In 1933, Katz emigrated to Switzerland. In 1941, he moved to Brazil obtaining citizenship there. In 1956 he returned to Switzerland where he died in 1968 living above Locarno.

==Selected works==
=== Works translated into English===
- Ein Bummel um die Welt (Loafing Around the Globe)
- Funkelnder Ferner Osten (Rays From the East)
- Einsames Leben (Solitary Life)

===Untranslated German travel books===
- Heitere Tage mit braunen Menschen (Pleasant Days with Brown Peoples)
- Zickzack durch Südamerika (Zig-Zagging Through South America)
- Ernte (Harvest)
- Die Weltreise in der Johannisnacht (The voyage round the world in the Johannisnacht)
- Mein Inselbuch – erste Erlebnisse in Brasilien (My Island Book – first experiences in Brazil)
- Seltsame Fahrten in Brasilien (Strange travels in Brazil)
- Reisefieber (Travel Fever)
- Begegnungen in Rio (Meetings in Rio)
- Auf dem Amazones (On the Amazon)
- Per Hills schwerster Fall – Ein ernsthafter Kriminalroman (Per Hill's hardest case – a serious detective story)
- Allerhand aus fernem Land (A Great Deal from a Far Off Country)
- Wandernde Welt (Wandering World)
- Gruss aus der Hängematte (Greetings from the Hammock)
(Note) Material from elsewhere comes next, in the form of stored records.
(* Let $(A,\succ,\prec)$ be an anti-pre-Novikov algebra, $s\in A\otimes A$ define a factorizable anti-pre-Novikov bialgebra $(A,\succ,\prec,\Delta_{\succ,s},\Delta_{\prec,s})$, and $\lambda\in k$ nonzero; let $(A,\succ,\prec,P,\omega)$ be the corresponding quadratic Rota–Baxter anti-pre-Novikov algebra of weight $\lambda$, i.e. $\omega(x,y)=-\lambda\langle T_{s+\tau(s)}^{-1}(x),y\rangle$ and $P=T_s\omega^\sharp$. Then $(A,\succ,\prec,\Delta_{\succ,\tau(s)},\Delta_{\prec,\tau(s)})$ is a factorizable anti-pre-Novikov bialgebra, and its corresponding quadratic Rota–Baxter anti-pre-Novikov algebra of weight $\lambda$ (with $\omega'(x,y)=-\lambda\langle T_{\tau(s)+s}^{-1}(x),y\rangle$ and $P'=T_{\tau(s)}\omega'^\sharp$) is $(A,\succ,\prec,-\lambda I-P,\omega)$.
   Context: $A$ is finite-dimensional over a field $k$. An anti-pre-Novikov algebra is $(A,\succ,\prec)$ such that with $x\circ y=x\succ y+x\prec y$: $(x\circ y-y\circ x)\succ z=y\succ(x\succ z)-x\succ(y\succ z)$; $x\prec(y\circ z)=(y\succ x)\prec z-(x\prec y)\prec z-y\succ(x\prec z)$; $(x\circ y)\succ z=-(x\succ z)\prec y$; $(x\prec y)\prec z=(x\prec z)\prec y$; $(x\circ y-y\circ x)\prec z=x\succ(y\circ z)-y\succ(x\circ z)$. Notation: $x\odot y=x\succ y+y\prec x$; $L_\ast(x)y=x\ast y$, $R_\ast(x)y=y\ast x$; $L_{\star}=L_{\circ}+R_{\circ}$, $L_{\odot}=L_{\succ}+R_{\prec}$; $\tau$ is the flip; $T_r:A^*\to A$, $\langle T_r(\zeta),\eta\rangle=\langle r,\zeta\otimes\eta\rangle$; for a bilinear form $\omega$, $\omega^\sharp:A\to A^*$, $\langle\omega^\sharp(x),y\rangle=\omega(x,y)$. $r$ is invariant if $(I\otimes L_{\star}(x)-L_{\succ}(x)\otimes I)r=0$ and $(L_{\circ}(x)\otimes I-I\otimes L_{\odot}(x))r=0$ for all $x$. For $s=\sum_i a_i\otimes b_i$ the APN-YBE is $\sum_{i,j}a_i\circ a_j\otimes b_i\otimes b_j+\sum_{i,j}a_j\otimes a_i\otimes(b_i\odot b_j)+\sum_{i,j}a_i\otimes(b_i\prec a_j)\otimes b_j=0$. With $\Delta_{\succ,r}(x)=(I\otimes L_{\star}(x)-L_{\succ}(x)\otimes I)r$, $\Delta_{\prec,r}(x)=(L_{\circ}(x)\otimes I-I\otimes L_{\odot}(x))r$, the datum $(A,\succ,\prec,\Delta_{\succ,r},\Delta_{\prec,r})$ is a factorizable anti-pre-Novikov bialgebra when $r$ solves the APN-YBE, $r+\tau(r)$ is invariant, and $T_{r+\tau(r)}$ is a linear isomorphism. A quadratic Rota–Baxter anti-pre-Novikov algebra of weight $\lambda$ is $(A,\succ,\prec,P,\omega)$ with $P(x)\prec P(y)=P(P(x)\prec y+x\prec P(y)+\lambda x\prec y)$, $P(x)\succ P(y)=P(P(x)\succ y+x\succ P(y)+\lambda x\succ y)$, $\omega$ non-degenerate symmetric with $\omega(x\prec y,z)=-\omega(x,z\circ y)$, $\omega(x\succ y,z)=\omega(x\circ z+z\circ x,y)$, and $\omega(P(x),y)+\omega(x,P(y))+\lambda\omega(x,y)=0$. *)

theory Defs
  imports Main
begin

text \<open>The finite-dimensional algebra A over the field 'k is represented in
coordinates with respect to a basis indexed by the finite type 'i: A = ('i => 'k).
The dual space A* is represented by the same coordinate space, with the natural
pairing. Elements of A (x) A are coefficient arrays 'i => 'i => 'k (coefficient of
e_a (x) e_b), elements of A (x) A (x) A are arrays 'i => 'i => 'i => 'k.\<close>

type_synonym ('i, 'k) vec = "'i \<Rightarrow> 'k"
type_synonym ('i, 'k) ten2 = "'i \<Rightarrow> 'i \<Rightarrow> 'k"
type_synonym ('i, 'k) ten3 = "'i \<Rightarrow> 'i \<Rightarrow> 'i \<Rightarrow> 'k"
type_synonym ('i, 'k) prod = "('i, 'k) vec \<Rightarrow> ('i, 'k) vec \<Rightarrow> ('i, 'k) vec"

definition vadd :: "('i, 'k::field) vec \<Rightarrow> ('i, 'k) vec \<Rightarrow> ('i, 'k) vec" where
  "vadd x y = (\<lambda>i. x i + y i)"

definition vsmul :: "'k::field \<Rightarrow> ('i, 'k) vec \<Rightarrow> ('i, 'k) vec" where
  "vsmul c x = (\<lambda>i. c * x i)"

definition vsub :: "('i, 'k::field) vec \<Rightarrow> ('i, 'k) vec \<Rightarrow> ('i, 'k) vec" where
  "vsub x y = (\<lambda>i. x i - y i)"

definition bvec :: "'i \<Rightarrow> ('i, 'k::field) vec" where
  "bvec a = (\<lambda>i. if i = a then 1 else 0)"

definition bilinear_op :: "('i, 'k::field) prod \<Rightarrow> bool" where
  "bilinear_op m \<longleftrightarrow>
     (\<forall>x y z. m (vadd x y) z = vadd (m x z) (m y z)) \<and>
     (\<forall>x y z. m x (vadd y z) = vadd (m x y) (m x z)) \<and>
     (\<forall>c x y. m (vsmul c x) y = vsmul c (m x y)) \<and>
     (\<forall>c x y. m x (vsmul c y) = vsmul c (m x y))"

definition circ :: "('i, 'k::field) prod \<Rightarrow> ('i, 'k) prod \<Rightarrow> ('i, 'k) prod" where
  "circ sc pr x y = vadd (sc x y) (pr x y)"

definition odot :: "('i, 'k::field) prod \<Rightarrow> ('i, 'k) prod \<Rightarrow> ('i, 'k) prod" where
  "odot sc pr x y = vadd (sc x y) (pr y x)"

definition Lstar :: "('i, 'k::field) prod \<Rightarrow> ('i, 'k) prod \<Rightarrow> ('i, 'k) vec \<Rightarrow> ('i, 'k) vec \<Rightarrow> ('i, 'k) vec" where
  "Lstar sc pr x y = vadd (circ sc pr x y) (circ sc pr y x)"

definition Lodot :: "('i, 'k::field) prod \<Rightarrow> ('i, 'k) prod \<Rightarrow> ('i, 'k) vec \<Rightarrow> ('i, 'k) vec \<Rightarrow> ('i, 'k) vec" where
  "Lodot sc pr x y = odot sc pr x y"

definition anti_pre_novikov :: "('i, 'k::field) prod \<Rightarrow> ('i, 'k) prod \<Rightarrow> bool" where
  "anti_pre_novikov sc pr \<longleftrightarrow>
     (\<forall>x y z. sc (vsub (circ sc pr x y) (circ sc pr y x)) z = vsub (sc y (sc x z)) (sc x (sc y z))) \<and>
     (\<forall>x y z. pr x (circ sc pr y z) = vsub (vsub (pr (sc y x) z) (pr (pr x y) z)) (sc y (pr x z))) \<and>
     (\<forall>x y z. sc (circ sc pr x y) z = vsmul (-1) (pr (sc x z) y)) \<and>
     (\<forall>x y z. pr (pr x y) z = pr (pr x z) y) \<and>
     (\<forall>x y z. pr (vsub (circ sc pr x y) (circ sc pr y x)) z = vsub (sc x (circ sc pr y z)) (sc y (circ sc pr x z)))"

text \<open>(f (x) g) r for linear maps f, g on A and r in A (x) A.\<close>
definition tapp :: "(('i::finite, 'k::field) vec \<Rightarrow> ('i, 'k) vec) \<Rightarrow> (('i, 'k) vec \<Rightarrow> ('i, 'k) vec)
                    \<Rightarrow> ('i, 'k) ten2 \<Rightarrow> ('i, 'k) ten2" where
  "tapp f g r = (\<lambda>i j. \<Sum>a\<in>UNIV. \<Sum>b\<in>UNIV. r a b * f (bvec a) i * g (bvec b) j)"

definition tflip :: "('i, 'k) ten2 \<Rightarrow> ('i, 'k) ten2" where
  "tflip r = (\<lambda>i j. r j i)"

definition tadd :: "('i, 'k::field) ten2 \<Rightarrow> ('i, 'k) ten2 \<Rightarrow> ('i, 'k) ten2" where
  "tadd r t = (\<lambda>i j. r i j + t i j)"

definition t3 :: "('i, 'k::field) vec \<Rightarrow> ('i, 'k) vec \<Rightarrow> ('i, 'k) vec \<Rightarrow> ('i, 'k) ten3" where
  "t3 x y z = (\<lambda>p q r. x p * y q * z r)"

definition invariant_tensor :: "('i::finite, 'k::field) prod \<Rightarrow> ('i, 'k) prod \<Rightarrow> ('i, 'k) ten2 \<Rightarrow> bool" where
  "invariant_tensor sc pr r \<longleftrightarrow>
     (\<forall>x. tapp id (Lstar sc pr x) r = tapp (sc x) id r) \<and>
     (\<forall>x. tapp (circ sc pr x) id r = tapp id (Lodot sc pr x) r)"

definition apn_ybe :: "('i::finite, 'k::field) prod \<Rightarrow> ('i, 'k) prod \<Rightarrow> ('i, 'k) ten2 \<Rightarrow> bool" where
  "apn_ybe sc pr s \<longleftrightarrow>
     (\<lambda>p q r. \<Sum>a\<in>UNIV. \<Sum>b\<in>UNIV. \<Sum>c\<in>UNIV. \<Sum>d\<in>UNIV. s a b * s c d *
        ( t3 (circ sc pr (bvec a) (bvec c)) (bvec b) (bvec d) p q r
        + t3 (bvec c) (bvec a) (odot sc pr (bvec b) (bvec d)) p q r
        + t3 (bvec a) (pr (bvec b) (bvec c)) (bvec d) p q r)) = (\<lambda>p q r. 0)"

definition pairing :: "('i::finite, 'k::field) vec \<Rightarrow> ('i, 'k) vec \<Rightarrow> 'k" where
  "pairing \<zeta> x = (\<Sum>i\<in>UNIV. \<zeta> i * x i)"

text \<open>T_r : A* -> A with <T_r zeta, eta> = <r, zeta (x) eta>.\<close>
definition Tmap :: "('i::finite, 'k::field) ten2 \<Rightarrow> ('i, 'k) vec \<Rightarrow> ('i, 'k) vec" where
  "Tmap r \<zeta> = (\<lambda>b. \<Sum>a\<in>UNIV. \<zeta> a * r a b)"

definition factorizable :: "('i::finite, 'k::field) prod \<Rightarrow> ('i, 'k) prod \<Rightarrow> ('i, 'k) ten2 \<Rightarrow> bool" where
  "factorizable sc pr r \<longleftrightarrow>
     apn_ybe sc pr r \<and> invariant_tensor sc pr (tadd r (tflip r)) \<and> bij (Tmap (tadd r (tflip r)))"

definition omega_of :: "'k::field \<Rightarrow> ('i::finite, 'k) ten2 \<Rightarrow> ('i, 'k) vec \<Rightarrow> ('i, 'k) vec \<Rightarrow> 'k" where
  "omega_of lam r x y = - lam * pairing (inv (Tmap (tadd r (tflip r))) x) y"

definition sharp :: "(('i::finite, 'k::field) vec \<Rightarrow> ('i, 'k) vec \<Rightarrow> 'k) \<Rightarrow> ('i, 'k) vec \<Rightarrow> ('i, 'k) vec" where
  "sharp \<omega> x = (\<lambda>i. \<omega> x (bvec i))"

definition P_of :: "'k::field \<Rightarrow> ('i::finite, 'k) ten2 \<Rightarrow> ('i, 'k) vec \<Rightarrow> ('i, 'k) vec" where
  "P_of lam r = Tmap r \<circ> sharp (omega_of lam r)"

end

theory Submission
  imports Defs
begin

text \<open>Write t = s + tau(s). The APN-YBE expression of u is the diagonal F(u, u) of a bilinear
form F, and tau(s) = t - s, so its value at tau(s) differs from that at s by
F(t, t) - F(t, s) - F(s, t). Contracting the symmetric invariant tensor t against the structure
constants of \<open>\<circ>\<close> and \<open>\<odot>\<close> (two consequences of invariance) gives, at each entry (p, q, z),
F(t, w) + F(w, t) = \<Sum>a (w a q + w q a) K a and F(t, t) = \<Sum>a t a q K a with the same K;
for w = s the right-hand sides coincide. The rest is linear algebra: t is flip invariant,
so omega is unchanged, and P + P' = T_t omega^sharp = -lam I.\<close>

lemma bvec_apply: "bvec a i = (if i = a then 1 else 0)"
  by (simp add: bvec_def)

lemma mult_if_zero:
  "x * (if P then y else 0) = (if P then x * y else (0::'a::mult_zero))"
  "(if P then y else 0) * x = (if P then y * x else (0::'a::mult_zero))"
  by simp_all

lemma sum_if_zero: "(\<Sum>x\<in>A. if P then f x else 0) = (if P then sum f A else (0::'a::comm_monoid_add))"
  by simp

lemmas delta_simps = bvec_apply mult_if_zero sum_if_zero sum.delta sum.delta'

definition struct_const :: "('i, 'k::field) prod \<Rightarrow> 'i \<Rightarrow> 'i \<Rightarrow> 'i \<Rightarrow> 'k" where
  "struct_const m a b i = m (bvec a) (bvec b) i"
text \<open>
  Every row of the replacement matrix sums to 1 (each draw adds one ball in total).
\<close>
lemma rep_entry_row_sum:
  assumes m: "m \<ge> 2" and r: "r < 2*m-2"
  shows "(\<Sum>c<2*m-2. rep_entry m (r+1) (c+1)) = 1"
proof (cases "m = 2")
  case True
  have "{..<2*m-2} = {0, 1::nat}" using True by auto
  moreover have "r = 0 \<or> r = 1" using r True by auto
  ultimately show ?thesis using True by (auto simp: rep_entry_def)
next
  case False
  then have m3: "m \<ge> 3" using m by simp
  let ?f = "\<lambda>c. rep_entry m (r+1) (c+1)"
  consider "r = 0" | "1 \<le> r \<and> r \<le> m-1" | "m \<le> r \<and> r \<le> 2*m-4" | "r = 2*m-3"
    using r m3 by linarith
  then show ?thesis
  proof cases
    case 1
    have "sum ?f {..<2*m-2} = ?f 0 + ?f m"
      by (rule sum_supported_on_two) (use m3 1 in \<open>auto simp: rep_entry_def\<close>)
    also have "?f 0 = -1" using m3 1 by (simp add: rep_entry_def)
    also have "?f m = 2" using m3 1 by (simp add: rep_entry_def)
    finally show ?thesis by simp
  next
    case 2
    have "sum ?f {..<2*m-2} = ?f (r-1) + ?f r + ?f m"
      by (rule sum_supported_on_three) (use m3 2 in \<open>auto simp: rep_entry_def\<close>)
    also have "?f (r-1) = int r" using m3 2 by (auto simp: rep_entry_def)
    also have "?f r = - int (r+1)" using m3 2 by (auto simp: rep_entry_def)
    also have "?f m = 2" using m3 2 by (auto simp: rep_entry_def)
    finally show ?thesis by simp
  next
    case 3
    have "sum ?f {..<2*m-2} = ?f r + ?f (r+1)"
      by (rule sum_supported_on_two) (use m3 3 in \<open>auto simp: rep_entry_def Let_def\<close>)
    also have "?f r = - int (r+2-m)" using m3 3 by (auto simp: rep_entry_def Let_def)
    also have "?f (r+1) = int (r+2-m) + 1" using m3 3 by (auto simp: rep_entry_def Let_def)
    finally show ?thesis by simp
  next
    case 4
    have "sum ?f {..<2*m-2} = ?f (m-1) + ?f r"
      by (rule sum_supported_on_two) (use m3 4 in \<open>auto simp: rep_entry_def Let_def\<close>)
    also have "?f (m-1) = int m" using m3 4 by (auto simp: rep_entry_def Let_def)
    also have "?f r = - (int m - 1)" using m3 4 by (auto simp: rep_entry_def Let_def)
    finally show ?thesis by simp
  qed
qed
===Stories regarding domestic matters===
- Kleinode der Natur (Nature's Jewels)
- Nur Tiere. Vier Geschichten (Four Stories on Animals)
- Von Hund zu Hund (From Dog to Dog)
- Übern Gartenhag (On Gardening)
- Steckenpferde (Hobbies)

===Political work===
- Drei Gesichter Luzifers. Lärm, Maschinen, Geschäft (The Three Faces of Lucifer: Noise, Machines, Business)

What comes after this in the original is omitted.